KING HENRY VI: Canst thou dispense with heaven for such an oath?

SALISBURY: It is great sin to swear unto a sin,
But greater sin to keep a sinful oath.
Who can be bound by any solemn vow
To do a murderous deed, to rob a man,
To force a spotless virgin's chastity,
To reave the orphan of his patrimony,
To wring the widow from her custom'd right,
And have no other reason for this wrong
But that he was bound by a solemn oath?

QUEEN MARGARET: A subtle traitor needs no sophister.

Z 8:02 AM  

@The Bard - such filth, "I would give his wife my bauble to do her service." Naughty, naughty, and I haven't finished my breakfast, yet.

I didn't remember COZEN is a word, and ZINfandel is not a wine I buy, so I finished with an error. I tried COvEN/vIN, having no idea how COvEN fit the clue. Turns out it doesn't.

A very musical puzzle with the MONKEES and THE CARS and MEADOWLARKs singing Mozart while ILLUMINATED in the XENON spotlights. THE CARS clue was especially easy for me since "My Best Friends Girl" was playing in my car yesterday.

My only real hang up (aside from my wrong letter) was that REt and FEEd kept me from seeing SWEARS TO. Finally decided to try all the S- possibilities and finished.

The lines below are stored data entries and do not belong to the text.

lemma nn_integral_unit_disc_Moebius:
  fixes f :: "complex \<Rightarrow> real"
  assumes w: "cmod w < 1" and f0: "\<And>z. cmod z < 1 \<Longrightarrow> 0 \<le> f z" and f: "f \<in> borel_measurable borel"
  shows "(\<integral>\<^sup>+z. ennreal (indicator (ball 0 1) z * f z) \<partial>lborel) =
    (\<integral>\<^sup>+u. ennreal (indicator (ball 0 1) u *
      ((cmod (of_real (1 - (cmod w)\<^sup>2) / (1 - cnj w * u)\<^sup>2))\<^sup>2 * f (Moebius_function 0 w u))) \<partial>lborel)"
proof -
  define \<phi> where "\<phi> = Moebius_function 0 w"
  define D where "D u = of_real (1 - (cmod w)\<^sup>2) / (1 - cnj w * u)\<^sup>2" for u
  define H where "H z = indicator (ball 0 1) z * f z" for z
  have H0: "0 \<le> H z" for z
    using f0 by (simp add: H_def indicator_def)
  have [measurable]: "H \<in> borel_measurable borel"
    unfolding H_def using f by (intro borel_measurable_times borel_measurable_indicator) auto
  have [measurable]: "\<phi> \<in> borel_measurable borel"
    unfolding \<phi>_def Moebius_function_simple[abs_def]
    by (intro borel_measurable_divide borel_measurable_continuous_onI continuous_intros)
  have [measurable]: "(\<lambda>u. (cmod (D u))\<^sup>2) \<in> borel_measurable borel"
    unfolding D_def norm_divide power_divide
    by (intro borel_measurable_divide borel_measurable_continuous_onI continuous_intros)
  have [measurable]: "ball (0::complex) 1 \<in> sets borel"
    by simp
  have image: "\<phi> ` ball 0 1 = ball 0 1"
    using Moebius_function_0_image[OF w] by (simp add: \<phi>_def)
  have der: "(\<phi> has_derivative (*) (D u)) (at u within ball 0 1)" if "u \<in> ball 0 1" for u
    using has_field_derivative_Moebius_function_0[of w u] one_minus_cnj_mult_nonzero[of w u] w that
    by (auto simp: \<phi>_def D_def has_field_derivative_def intro: has_derivative_at_withinI)
  have "(\<integral>\<^sup>+z. ennreal (indicator (ball 0 1) z * f z) \<partial>lborel) =
      (\<integral>\<^sup>+z. ennreal (indicator (\<phi> ` ball 0 1) z * H z) \<partial>lborel)"
    by (intro nn_integral_cong) (simp add: image H_def indicator_def)
  also have "\<dots> = (\<integral>\<^sup>+u. ennreal (indicator (ball 0 1) u * (\<bar>jacobian_det ((*) (D u))\<bar> * H (\<phi> u))) \<partial>lborel)"
  proof (rule nn_integral_change_of_variables_complex[OF _ der _ H0])
    show "inj_on \<phi> (ball 0 1)"
      using inj_on_Moebius_function_0[OF w] by (simp add: \<phi>_def)
    show "(\<lambda>u. indicator (ball 0 1) u * (\<bar>jacobian_det ((*) (D u))\<bar> * H (\<phi> u))) \<in> borel_measurable borel"
      unfolding jacobian_det_mult by measurable
  qed (simp_all add: image)
  also have "\<dots> = (\<integral>\<^sup>+u. ennreal (indicator (ball 0 1) u * ((cmod (D u))\<^sup>2 * f (\<phi> u))) \<partial>lborel)"
    using Moebius_function_norm_lt_1[OF w]
    by (intro nn_integral_cong) (simp add: jacobian_det_mult H_def indicator_def \<phi>_def)
  finally show ?thesis
    by (simp only: D_def \<phi>_def)
qed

A fine Saturday solve, although not as chewy as we usually see.

clarkke8 8:06 AM  

25D killed me. I'd never seen the word COZEN before, and I wanted 35A to be vIN. COvEN didn't make any sense for "trick", but I refused to give up on vIN for the longest time.

Glimmerglass 8:09 AM  

Who are you, and what have you done with Rex Parker?

Z 8:13 AM  

Since I finished sooner than usual I decided to catch up on the later posts from yesterday. What do I find?
A @&$#&*@&*#^@*&^ ROBOT POSTED AT 3:50 a.m.

It's good to know that the new captchas are working.

evil doug 8:13 AM  

Michael is on the money. Everything I've griped about the last couple days is corrected here: Vivid words with texture and imagery; the opportunity to learn something (mica, Tamil, Tivoli, porcupine quills) instead of simply letting muscle memory write in old and tired commoners; and some clever twists and turns with balls/feet and bank statement/no fees. We see Esso a lot; now we know its source. I can hum 'Gonna Wash That Man', but never knew it was Emile.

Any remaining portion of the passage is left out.